FIGURE 4. Assessment of the ILPM. (A) C-index of the ILPM in all datasets. (B–D) Performance of the ILPM compared with other clinical variables in predicting prognosis in TCGA-STAD (n = 296) (B), GSE57303 (n = 68) (C), and GSE62254 (n = 298) (D). (E) AUC value of the ILPM and five published signatures in TCGA-STAD. (F–H) Multivariate Cox regression analysis of RS and other clinical variables in TCGA-STAD (F), GSE57303 (G), and GSE62254 (H). Data are presented as the hazard ratio (HR) ± 95% confidence interval [CI].

FIGURE 5

FIGURE 5. C-index and AUC assessment of RS and clinical variables. (A–C) C-index analysis of RS and clinical variables in TCGA-STAD (n = 296) (A), GSE57303 (n = 68) (B), and GSE62254 (n = 298) (C). (D) Time-dependent ROC analysis for predicting OS in all datasets.

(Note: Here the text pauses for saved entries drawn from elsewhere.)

section \<open>Periodic entire functions in a strip\<close>

lemma periodic_add_of_int_mult:
  fixes g :: "complex \<Rightarrow> 'a"
  assumes per: "\<And>z. g (z + of_real p) = g z"
  shows "g (z + of_int l * of_real p) = g z"
proof -
  have nat: "g (z + of_nat n * of_real p) = g z" for n z
  proof (induction n)
    case (Suc n)
    then show ?case using per[of "z + of_nat n * of_real p"] by (simp add: algebra_simps)
  qed simp
  show ?thesis
  proof (cases "l \<ge> 0")
    case True
    then show ?thesis using nat[of z "nat l"] by simp
  next
    case False
    then show ?thesis using nat[of "z + of_int l * of_real p" "nat (- l)"] by simp
  qed
qed

lemma periodic_norm_attains_max_on_strip:
  fixes \<phi> :: "complex \<Rightarrow> complex"
  assumes cont: "continuous_on UNIV \<phi>"
    and per: "\<And>z. norm (\<phi> (z + of_real (2*pi))) = norm (\<phi> z)"
  obtains z0 where "0 \<le> Im z0" "Im z0 \<le> 1"
    "\<And>w. 0 \<le> Im w \<Longrightarrow> Im w \<le> 1 \<Longrightarrow> norm (\<phi> w) \<le> norm (\<phi> z0)"
proof -
  define R where "R = cbox 0 (Complex (2*pi) 1)"
  have R: "z \<in> R \<longleftrightarrow> 0 \<le> Re z \<and> Re z \<le> 2*pi \<and> 0 \<le> Im z \<and> Im z \<le> 1" for z
    by (simp add: R_def cbox_complex_eq)
  have "R \<noteq> {}" using R[of 0] by auto
  then obtain z0 where z0: "z0 \<in> R" and max: "\<And>w. w \<in> R \<Longrightarrow> norm (\<phi> w) \<le> norm (\<phi> z0)"
    using continuous_attains_sup[of R "\<lambda>z. norm (\<phi> z)"] cont
    by (auto simp: R_def intro: continuous_on_norm continuous_on_subset)
  have "norm (\<phi> w) \<le> norm (\<phi> z0)" if "0 \<le> Im w" "Im w \<le> 1" for w
  proof -
    define l where "l = \<lfloor>Re w / (2*pi)\<rfloor>"
    define w' where "w' = w + of_int (- l) * of_real (2*pi)"
    have "of_int l * (2*pi) \<le> Re w" "Re w < of_int l * (2*pi) + 2*pi"
      using floor_divide_lower[of "2*pi" "Re w"] floor_divide_upper[of "2*pi" "Re w"]
      by (simp_all add: l_def algebra_simps)
    then have "w' \<in> R" using that by (simp add: R w'_def)
    moreover have "norm (\<phi> w') = norm (\<phi> w)"
      unfolding w'_def by (rule periodic_add_of_int_mult[of "\<lambda>z. norm (\<phi> z)"]) (rule per)
    ultimately show ?thesis using max by fastforce
  qed
  then show thesis using z0 by (intro that[of z0]) (auto simp: R)
qed

lemma periodic_strip_maximum_principle:
  fixes \<phi> :: "complex \<Rightarrow> complex"
  assumes hol: "\<phi> holomorphic_on UNIV"
    and per: "\<And>z. norm (\<phi> (z + of_real (2*pi))) = norm (\<phi> z)"
    and bottom: "\<And>x. norm (\<phi> (of_real x)) \<le> M"
    and top: "\<And>x. norm (\<phi> (Complex x 1)) \<le> M"
    and "0 \<le> Im z" "Im z \<le> 1"
  shows "norm (\<phi> z) \<le> M"
proof -
  obtain z0 where z0: "0 \<le> Im z0" "Im z0 \<le> 1"
    and max: "\<And>w. 0 \<le> Im w \<Longrightarrow> Im w \<le> 1 \<Longrightarrow> norm (\<phi> w) \<le> norm (\<phi> z0)"
    using periodic_norm_attains_max_on_strip[OF holomorphic_on_imp_continuous_on[OF hol] per]
    by blast
  have "norm (\<phi> z0) \<le> M"
  proof -
    consider "Im z0 = 0" | "Im z0 = 1" | "0 < Im z0" "Im z0 < 1" using z0 by linarith
    then show ?thesis
    proof cases
      case 1
      then have "z0 = of_real (Re z0)" by (simp add: complex_eq_iff)
      then show ?thesis using bottom by metis
    next
      case 2
      then have "z0 = Complex (Re z0) 1" by (simp add: complex_eq_iff)
      then show ?thesis using top by metis
    next
      case 3
      define U where "U = {z. 0 < Im z} \<inter> {z. Im z < 1}"
      have "open U" unfolding U_def
        by (intro open_Int open_halfspace_Im_gt open_halfspace_Im_lt)
      moreover have "z0 \<in> U" using 3 by (simp add: U_def)
      ultimately have "\<phi> constant_on UNIV"
        by (intro maximum_modulus_principle[OF hol open_UNIV connected_UNIV, of U z0])
           (auto simp: U_def intro!: max)
      then have "\<phi> z0 = \<phi> 0" by (auto simp: constant_on_def)
      then show ?thesis using bottom[of 0] by simp
    qed
  qed
  then show ?thesis using max assms by fastforce
qed

text \<open>Multiplying by \<open>exp (\<i> L z)\<close> equalises the bounds on the two boundary lines.\<close>
lemma periodic_three_lines:
  fixes g :: "complex \<Rightarrow> complex"
  assumes hol: "g holomorphic_on UNIV"
    and per: "\<And>z. g (z + of_real (2*pi)) = g z"
    and bottom: "\<And>x. norm (g (of_real x)) \<le> M"
    and top: "\<And>x. norm (g (Complex x 1)) \<le> M * exp L"
    and "0 \<le> Im z" "Im z \<le> 1"
  shows "norm (g z) \<le> M * exp (L * Im z)"
proof -
  define \<phi> where "\<phi> z = g z * exp (\<i> * of_real L * z)" for z
  have norm_\<phi>: "norm (\<phi> z) = norm (g z) * exp (- (L * Im z))" for z
    by (simp add: \<phi>_def norm_mult)
  have "norm (\<phi> z) \<le> M"
  proof (rule periodic_strip_maximum_principle[where \<phi> = \<phi>])
    show "\<phi> holomorphic_on UNIV" unfolding \<phi>_def by (intro holomorphic_intros hol)
    show "norm (\<phi> (z + of_real (2*pi))) = norm (\<phi> z)" for z
      by (simp only: norm_\<phi> per) simp
    show "norm (\<phi> (of_real x)) \<le> M" for x using bottom[of x] by (simp add: norm_\<phi>)
    show "norm (\<phi> (Complex x 1)) \<le> M" for x
      using top[of x] by (simp add: norm_\<phi> exp_minus field_simps)
  qed (use assms in auto)
  then show ?thesis by (simp add: norm_\<phi> exp_minus field_simps)
qed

The difference in the molecular and genomic features

In the occurrence and development of cancer, a variety of molecular characteristics will be accompanied by changes. Here, we mainly study the signatures of the tumor immune microenvironment (TIME), tumor metabolism, and the tumor itself, which were collected by the R package IOBR. Of the 114 metabolism signatures collected, 64 (Figure 6A) were significantly different between the high- and low-risk groups (35 of 119 TME signatures (Figure 6B) and 11 of 16 tumor signatures (Figure 6C)). These findings suggest that there are multiple characteristic differences between the high- and low-risk groups of patients according to our RS. Subsequently, the mutation landscape of the high- (Figure 6D) and low-risk (Figure 6E) groups of TCGA-STAD in the genome was displayed. As is known, a gene mutation might either promote or cause cancer, or it could coordinate and drive cancer’s malignant progression. The research and development of tumor-targeted medications and innovative tumor therapies relied heavily on knowledge of genome-level mutation. As demonstrated in Figures 6D, E, the distribution of somatic variation in each sample between high- and low-risk groups, in which only the top 20 genes with the highest mutation frequency were selected to draw a waterfall diagram, was different.

FIGURE 6

FIGURE 6. Molecular and genomic features between high- and low-risk groups in TCGA-STAD. (A–C) Box plot of metabolism signatures (A), TME signatures (B), and tumor signatures (C) in high- and low-risk groups. *p < 0.05; **p < 0.01; ***p < 0.001; ****p < 0.0001. (D–E) SNV waterfall of top 20 (mutation frequency) genes in the high-risk group (n = 147) (D) and low-risk group (n = 147) (E).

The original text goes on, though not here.